Collected data
text \<open>Colour each edge of \<open>K_nn n\<close> by the parity of the sum of its ends. Sorting vertices into
  four classes by side and parity, every path that runs through the classes cyclically is a proper
  tree. For a \<open>k\<close>-set \<open>S\<close>, the \<open>i\<close>-th \<open>S\<close>-tree is such a path of \<open>8 k\<close> vertices passing through the
  vertices of \<open>S\<close> one by one, all other positions being taken by fresh vertices reserved for tree
  \<open>i\<close>; since every class has at least \<open>n div 2\<close> vertices, \<open>l\<close> such paths exist once
  \<open>n \<ge> 4 k l + 2 k\<close>, and as no two vertices of \<open>S\<close> are consecutive on a path, the paths are
  edge-disjoint. One colour never suffices for \<open>k \<ge> 3\<close>, since a monochromatic proper tree has at
  most one edge. The same trees give \<open>l \<le> kappa k (K_nn n)\<close>, the maximum in the definition of
  \<open>kappa\<close> being finite because disjoint trees use disjoint edges.\<close>

definition path_graph :: "'a list \<Rightarrow> 'a ugraph" where
  "path_graph xs = (set xs, {{xs ! i, xs ! Suc i} | i. Suc i < length xs})"

lemma verts_path_graph [simp]: "verts (path_graph xs) = set xs"
  by (simp add: path_graph_def verts_def)

lemma edges_path_graph: "edges (path_graph xs) = {{xs ! i, xs ! Suc i} | i. Suc i < length xs}"
  by (simp add: path_graph_def edges_def)

lemma edge_path_graph_subset: "e \<in> edges (path_graph xs) \<Longrightarrow> e \<subseteq> set xs"
  by (auto simp: edges_path_graph)

lemma path_graph_edge_iff:
  assumes "distinct xs" "p < length xs" "q < length xs"
  shows "{xs ! p, xs ! q} \<in> edges (path_graph xs) \<longleftrightarrow> p = Suc q \<or> q = Suc p"
proof
  assume "{xs ! p, xs ! q} \<in> edges (path_graph xs)"
  then obtain i where i: "Suc i < length xs" "{xs ! p, xs ! q} = {xs ! i, xs ! Suc i}"
    by (auto simp: edges_path_graph)
  then have "(p = i \<and> q = Suc i) \<or> (p = Suc i \<and> q = i)"
    using assms nth_eq_iff_index_eq[OF assms(1)] by (auto simp: doubleton_eq_iff)
  then show "p = Suc q \<or> q = Suc p" by auto
next
  assume "p = Suc q \<or> q = Suc p"
  then show "{xs ! p, xs ! q} \<in> edges (path_graph xs)"
    using assms by (auto simp: edges_path_graph insert_commute)
qed

lemma path_graph_connected:
  assumes "xs \<noteq> []"
  shows "connected_graph (path_graph xs)"
proof -
  let ?R = "{(x, y). {x, y} \<in> edges (path_graph xs)}"
  have head: "(xs ! 0, xs ! i) \<in> ?R\<^sup>* \<and> (xs ! i, xs ! 0) \<in> ?R\<^sup>*" if "i < length xs" for i
    using that
  proof (induction i)
    case (Suc i)
    then have "(xs ! i, xs ! Suc i) \<in> ?R" "(xs ! Suc i, xs ! i) \<in> ?R"
      by (auto simp: edges_path_graph insert_commute)
    with Suc show ?case
      by (meson Suc_lessD converse_rtrancl_into_rtrancl rtrancl.rtrancl_into_rtrancl)
  qed simp
  have "(u, v) \<in> ?R\<^sup>*" if uv: "u \<in> set xs" "v \<in> set xs" for u v
  proof -
    obtain i j where "i < length xs" "u = xs ! i" "j < length xs" "v = xs ! j"
      using uv by (auto simp: in_set_conv_nth)
    then show ?thesis using head by (meson rtrancl_trans)
  qed
  then show ?thesis using assms unfolding connected_graph_def by simp
qed

lemma cycle_neighbours:
  assumes "length vs \<ge> 3" "distinct vs" "x \<in> set vs"
    and cyc: "\<forall>i < length vs. {vs ! i, vs ! ((i + 1) mod length vs)} \<in> E"
  shows "\<exists>a b. a \<in> set vs \<and> b \<in> set vs \<and> a \<noteq> b \<and> {x, a} \<in> E \<and> {x, b} \<in> E"
proof -
  define L where "L = length vs"
  obtain i where i: "i < L" "x = vs ! i" using assms(3) by (auto simp: in_set_conv_nth L_def)
  define i' where "i' = (if i = 0 then L - 1 else i - 1)"
  have L: "L \<ge> 3" using assms(1) by (simp add: L_def)
  have succ: "(i + 1) mod L < L" "i' < L" using L i by (simp, simp add: i'_def, linarith)
  have "(i' + 1) mod L = i"
    using i L by (cases "i = 0") (simp_all add: i'_def)
  then have "{vs ! i', x} \<in> E" using cyc succ(2) i by (metis L_def)
  moreover have "{x, vs ! ((i + 1) mod L)} \<in> E" using cyc i by (simp add: L_def)
  moreover have "(i + 1) mod L \<noteq> i'"
    using i L by (cases "i + 1 = L") (auto simp: i'_def)
  then have "vs ! ((i + 1) mod L) \<noteq> vs ! i'"
    using succ nth_eq_iff_index_eq[OF assms(2)] by (simp add: L_def)
  ultimately show ?thesis using succ by (metis L_def insert_commute nth_mem)
qed

text \<open>The vertex of a cycle lying furthest along the path would have two distinct neighbours
  on the cycle, both of which can only be its predecessor on the path.\<close>

lemma path_graph_acyclic:
  assumes "distinct xs"
  shows "\<not> has_cycle (path_graph xs)"
proof
  assume "has_cycle (path_graph xs)"
  then obtain vs where vs: "length vs \<ge> 3" "distinct vs" "set vs \<subseteq> set xs"
    and cyc: "\<forall>i < length vs. {vs ! i, vs ! ((i + 1) mod length vs)} \<in> edges (path_graph xs)"
    unfolding has_cycle_def by auto
  define P where "P = {p. p < length xs \<and> xs ! p \<in> set vs}"
  have "P \<noteq> {}" using vs(1,3) by (fastforce simp: P_def in_set_conv_nth)
  moreover have "finite P" by (simp add: P_def)
  ultimately have M: "Max P \<in> P" and le_M: "\<And>p. p \<in> P \<Longrightarrow> p \<le> Max P"
    by simp_all
  have "xs ! Max P \<in> set vs" using M by (simp add: P_def)
  then obtain a b where ab: "a \<in> set vs" "b \<in> set vs" "a \<noteq> b"
    "{xs ! Max P, a} \<in> edges (path_graph xs)" "{xs ! Max P, b} \<in> edges (path_graph xs)"
    using cycle_neighbours[OF vs(1,2) _ cyc] by blast
  have pred: "y = xs ! (Max P - 1)"
    if y: "y \<in> set vs" "{xs ! Max P, y} \<in> edges (path_graph xs)" for y
  proof -
    have "y \<in> set xs" using y(1) vs(3) by blast
    then obtain q where q: "q < length xs" "y = xs ! q" by (metis in_set_conv_nth)
    then have "q \<le> Max P" using le_M y(1) by (simp add: P_def)
    moreover have "Max P = Suc q \<or> q = Suc (Max P)"
      using path_graph_edge_iff[OF assms, of "Max P" q] M q y(2) by (simp add: P_def)
    ultimately show ?thesis using q by auto
  qed
  show False using pred[OF ab(1,4)] pred[OF ab(2,5)] ab(3) by simp
qed

lemma S_tree_path_graph:
  assumes "distinct xs" "xs \<noteq> []" "S \<subseteq> set xs" "set xs \<subseteq> verts G"
    and "\<And>t. Suc t < length xs \<Longrightarrow> {xs ! t, xs ! Suc t} \<in> edges G"
  shows "S_tree G S (path_graph xs)"
  using assms path_graph_connected[OF assms(2)] path_graph_acyclic[OF assms(1)]
  unfolding S_tree_def tree_in_def subgraph_def by (auto simp: edges_path_graph)

lemma proper_tree_path_graph:
  assumes "distinct xs"
    and "\<And>t. Suc (Suc t) < length xs \<Longrightarrow> c {xs ! t, xs ! Suc t} \<noteq> c {xs ! Suc t, xs ! Suc (Suc t)}"
  shows "proper_tree c (path_graph xs)"
  unfolding proper_tree_def
proof (intro ballI impI)
  fix e1 e2 assume e: "e1 \<in> edges (path_graph xs)" "e2 \<in> edges (path_graph xs)"
    and adj: "e1 \<noteq> e2 \<and> e1 \<inter> e2 \<noteq> {}"
  obtain p q where p: "Suc p < length xs" "e1 = {xs ! p, xs ! Suc p}"
    and q: "Suc q < length xs" "e2 = {xs ! q, xs ! Suc q}"
    using e by (auto simp: edges_path_graph)
  obtain z where "z \<in> e1" "z \<in> e2" using adj by blast
  then obtain a b where "a \<in> {p, Suc p}" "b \<in> {q, Suc q}" "xs ! a = xs ! b"
    using p q by auto
  then have "a = b" using p q nth_eq_iff_index_eq[OF assms(1), of a b] by auto
  then have "q = Suc p \<or> p = Suc q" using \<open>a \<in> _\<close> \<open>b \<in> _\<close> adj p q by auto
  then show "c e1 \<noteq> c e2" using assms(2) p q by (metis insert_commute)
qed

lemma S_tree_edges_subset: "S_tree G S T \<Longrightarrow> edges T \<subseteq> edges G"
  unfolding S_tree_def tree_in_def subgraph_def by auto

lemma connected_graph_edge_at:
  assumes "connected_graph T" "u \<in> verts T" "v \<in> verts T" "u \<noteq> v"
  shows "\<exists>y. {u, y} \<in> edges T"
proof -
  have "(u, v) \<in> {(x, y). {x, y} \<in> edges T}\<^sup>*"
    using assms unfolding connected_graph_def by blast
  then show ?thesis using assms(4) by (cases rule: converse_rtranclE) auto
qed
lemma Comp_in_Ar [simp]: "\<lbrakk>f \<in> Ar C; g \<in> Ar C; Cod C f = Dom C g\<rbrakk> \<Longrightarrow> Comp C g f \<in> Ar C"
  and Dom_Comp [simp]: "\<lbrakk>f \<in> Ar C; g \<in> Ar C; Cod C f = Dom C g\<rbrakk> \<Longrightarrow> Dom C (Comp C g f) = Dom C f"
  and Cod_Comp [simp]: "\<lbrakk>f \<in> Ar C; g \<in> Ar C; Cod C f = Dom C g\<rbrakk> \<Longrightarrow> Cod C (Comp C g f) = Cod C g"
  using is_category by (simp_all add: is_category_def)

lemma Comp_Idt_left [simp]: "\<lbrakk>f \<in> Ar C; Cod C f = X\<rbrakk> \<Longrightarrow> Comp C (Idt C X) f = f"
  and Comp_Idt_right [simp]: "\<lbrakk>f \<in> Ar C; Dom C f = X\<rbrakk> \<Longrightarrow> Comp C f (Idt C X) = f"
  using is_category by (auto simp add: is_category_def)

lemma Comp_assoc:
  "\<lbrakk>f \<in> Ar C; g \<in> Ar C; h \<in> Ar C; Cod C f = Dom C g; Cod C g = Dom C h\<rbrakk>
    \<Longrightarrow> Comp C h (Comp C g f) = Comp C (Comp C h g) f"
  using is_category unfolding is_category_def by blast

lemma monic_Idt: "X \<in> Ob C \<Longrightarrow> monic C (Idt C X)"
  unfolding monic_def by auto

lemma isomorphismI:
  "\<lbrakk>f \<in> Ar C; g \<in> Ar C; Dom C g = Cod C f; Cod C g = Dom C f;
    Comp C g f = Idt C (Dom C f); Comp C f g = Idt C (Cod C f)\<rbrakk> \<Longrightarrow> isomorphism C f"
  unfolding isomorphism_def by blast
theorem corollary3p6:
  fixes p :: nat and nv :: "'k::field_char_0 \<Rightarrow> real"
    and s a :: "nat \<Rightarrow> 'k" and l e :: nat and \<pi> :: 'k and g :: "'k poly"
  assumes "prime p"
    and "padic_abs p nv" and "nv_complete nv"
    and "\<forall>n. s n \<in> Zp_in nv"
    and "\<forall>i<l. a i \<in> Zp_in nv"
    and "\<forall>n. s (n + l) + (\<Sum>i<l. a i * s (n + i)) = 0"
    and "g = monom 1 l + (\<Sum>i<l. monom (a i) i)"
    and "splitting_field_over (Qp_in nv) g"
    and "ramification_index p nv e"
    and "uniformizer p nv e \<pi>"
    and "e < p - 1"
    and "\<forall>\<beta>. poly g \<beta> = 0 \<longrightarrow> cong_mod_nv nv \<pi> \<beta> 1"
  shows "\<exists>t :: 'k \<Rightarrow> 'k. nv_continuous_on nv (Zp_in nv) t \<and> (\<forall>n. s n = t (of_nat n))"
proof -
  interpret padic_field nv p using assms(1,2) by unfold_locales
  have \<pi>: "0 \<le> nv \<pi>" "nv \<pi> < 1" "\<pi> \<noteq> 0"
    using nv_nonneg nv_uniformizer_less_1[OF assms(9,10)] assms(10) unfolding uniformizer_def by auto
  have "lead_coeff g = 1" unfolding assms(7) by (rule lead_coeff_monic_recurrence)
  then obtain rs where g: "g = (\<Prod>r\<leftarrow>rs. [:- r, 1:])"
    using assms(8) unfolding splitting_field_over_def by auto
  have "poly g r = 0" if "r \<in> set rs" for r
    using that unfolding g by (induction rs) auto
  hence "nv (r - 1) \<le> nv \<pi>" if "r \<in> set rs" for r
    using that assms(12) nv_diff_le_if_cong_mod[OF _ \<pi>(3)] by blast
  moreover have "nv (s n) \<le> 1" for n using assms(4) nv_le_1_if_in_Zp by blast
  moreover have "poly_shift (\<Prod>r\<leftarrow>rs. [:- r, 1:]) s n = 0" for n
    using assms(6) by (simp flip: g add: assms(7) poly_shift_monic_recurrence)
  ultimately have "nv (fwd_diff k s n) \<le> nv \<pi> ^ (k + 1 - length rs)" for k n
    using \<pi> by (intro fwd_diff_bound_if_annihilated) auto
  hence "uniformly_continuous_on_nat s"
    using \<open>\<And>n. nv (s n) \<le> 1\<close> \<pi>
    by (intro uniformly_continuous_on_nat_if_fwd_diff_small fwd_diff_uniformly_small) auto
  thus ?thesis using assms(3) by (rule continuous_extension_from_nat)
qed

end
lemma conflict_sound:
  assumes "conflict G"
  shows "\<not> models I G"
proof
  assume models: "models I G"
  have sound: "lit_sat I l" if "l \<in> U G" for l
    using U_sound[OF that models] .
  from assms consider "Bot \<in> U G" | x where "Pos x \<in> U G" "Neg x \<in> U G"
    | ls where "Clause ls \<in> G" "\<forall>l\<in>set ls. compl l \<in> U G"
    unfolding conflict_def by blast
  then show False
  proof cases
    case 1
    then show False using sound[of Bot] by simp
  next
    case (2 x)
    then show False using sound[of "Pos x"] sound[of "Neg x"] by simp
  next
    case (3 ls)
    then have "\<not> sat I (Clause ls)" using sound by fastforce
    with 3 models show False by blast
  qed
qed

lemma is_rup_sound: "is_rup F C \<Longrightarrow> models I F \<Longrightarrow> sat I (Clause C)"
  unfolding is_rup_def using conflict_sound by fastforce

lemma conflict_sat_compose:
  assumes "conflict (F \<union> {neg (Clause C), neg (reduct D \<sigma>)})"
    and "models I F" and "\<not> sat I (Clause C)"
  shows "sat (compose_asg I \<sigma>) D"
  using conflict_sound[OF assms(1), of I] assms(2,3) by auto

lemma is_sr_sat_compose:
  assumes "is_sr F C \<sigma>" and "models I F" and "\<not> sat I (Clause C)"
  shows "models (compose_asg I \<sigma>) (F \<union> {Clause C})"
proof -
  have "sat (compose_asg I \<sigma>) (Clause C)"
    using assms(1) conflict_sound[of "{neg (reduct (Clause C) \<sigma>)}" I]
    unfolding is_sr_def by auto
  moreover have "models (compose_asg I \<sigma>) F"
    using assms conflict_sat_compose unfolding is_sr_def by blast
  ultimately show ?thesis by blast
qed

lemma is_wsr_sat_compose:
  assumes "is_wsr F C \<sigma> G" and "models I F" and "\<not> sat I (Clause C)"
  shows "models (compose_asg I \<sigma>) ((F - G) \<union> {Clause C})"
  using assms conflict_sat_compose unfolding is_wsr_def by blast

lemma prog_rel_Nil_iff [simp]: "prog_rel [] I J \<longleftrightarrow> J = I"
  by (auto elim: prog_rel.cases intro: rel_nil)

lemma prog_rel_Cons_iff: "prog_rel (it # p) I J \<longleftrightarrow> (\<exists>K. item_rel it I K \<and> prog_rel p K J)"
  by (rule iffI, erule prog_rel.cases) (auto intro: rel_cons)

lemma prog_rel_append_iff:
  "prog_rel (p @ q) I J \<longleftrightarrow> (\<exists>K. prog_rel p I K \<and> prog_rel q K J)"
  by (induction p arbitrary: I) (auto simp: prog_rel_Cons_iff)

lemma item_rel_SubstI_iff [simp]: "item_rel (SubstI \<sigma>) I J \<longleftrightarrow> J = compose_asg I \<sigma>"
  by (auto elim: item_rel.cases[of "SubstI _"] intro: rel_subst)

lemma item_rel_Branch_iff [simp]:
  "item_rel (Branch T p q) I J \<longleftrightarrow> (if sat I T then prog_rel p I J else prog_rel q I J)"
  by (auto elim: item_rel.cases[of "Branch _ _ _"] intro: rel_branch1 rel_branch0)

lemma prog_rel_guarded_subst:
  "prog_rel [Branch T [SubstI \<sigma>] []] I J \<longleftrightarrow> J = (if sat I T then compose_asg I \<sigma> else I)"
  by (simp add: prog_rel_Cons_iff)

lemma models_after_guarded_subst:
  assumes "prog_rel [Branch (neg (Clause C)) [SubstI \<sigma>] []] I J"
    and "models I F" and "H \<subseteq> F \<union> {Clause C}"
    and "\<not> sat I (Clause C) \<Longrightarrow> models (compose_asg I \<sigma>) H"
  shows "models J H"
proof (cases "sat I (Clause C)")
  case True
  then have "J = I" using assms(1) by (simp add: prog_rel_guarded_subst del: neg.simps)
  with True assms(2,3) show ?thesis by blast
next
  case False
  then show ?thesis using assms(1,4) by (simp add: prog_rel_guarded_subst)
qed

lemma acc_snoc [simp]: "acc F (\<pi> @ [i]) = acc_step i (acc F \<pi>)"
  by (simp add: acc_def)

lemma ctx_snoc [simp]: "ctx (\<pi> @ [i]) = ctx_step i (ctx \<pi>)"
  by (simp add: ctx_def)

lemma derivation_sound:
  assumes "derivation F \<pi>" and "models I F" and "prog_rel (ctx \<pi>) I J"
  shows "models J (acc F \<pi>)"
  using assms
proof (induction arbitrary: J rule: derivation.induct)
  case der_nil
  then show ?case by (simp add: acc_def ctx_def)
next
  case (der_del \<pi> C)
  then show ?case by auto
next
  case (der_rup \<pi> C)
  then have models: "models J (acc F \<pi>)" by simp
  with is_rup_sound[OF der_rup.hyps(2) models] show ?case by simp
next
  case (der_sr \<pi> \<sigma> C)
  from der_sr.prems(2) obtain K where "prog_rel (ctx \<pi>) I K"
      and step: "prog_rel [Branch (neg (Clause C)) [SubstI \<sigma>] []] K J"
    by (auto simp: prog_rel_append_iff)
  then have models: "models K (acc F \<pi>)" using der_sr.IH der_sr.prems(1) by blast
  have "models J (acc F \<pi> \<union> {Clause C})"
    by (rule models_after_guarded_subst[OF step models order.refl
          is_sr_sat_compose[OF der_sr.hyps(3) models]])
  then show ?case by (simp only: acc_snoc acc_step.simps)
next
  case (der_wsr \<pi> \<sigma> G C)
  from der_wsr.prems(2) obtain K where "prog_rel (ctx \<pi>) I K"
      and step: "prog_rel [Branch (neg (Clause C)) [SubstI \<sigma>] []] K J"
    by (auto simp: prog_rel_append_iff)
  then have models: "models K (acc F \<pi>)" using der_wsr.IH der_wsr.prems(1) by blast
  have "models J ((acc F \<pi> - G) \<union> {Clause C})"
  proof (rule models_after_guarded_subst[OF step models])
    show "(acc F \<pi> - G) \<union> {Clause C} \<subseteq> acc F \<pi> \<union> {Clause C}" by blast
  qed (rule is_wsr_sat_compose[OF der_wsr.hyps(4) models])
  then show ?case by (simp only: acc_snoc acc_step.simps)
qed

Problem to solve — Your answer must consist solely of the lines from the one containing "proof (rule models_after_guarded_subst[OF" through the last line of the entries, reproduced exactly.

Response below —
  proof (rule models_after_guarded_subst[OF step models])
    show "(acc F \<pi> - G) \<union> {Clause C} \<subseteq> acc F \<pi> \<union> {Clause C}" by blast
  qed (rule is_wsr_sat_compose[OF der_wsr.hyps(4) models])
  then show ?case by (simp only: acc_snoc acc_step.simps)
qed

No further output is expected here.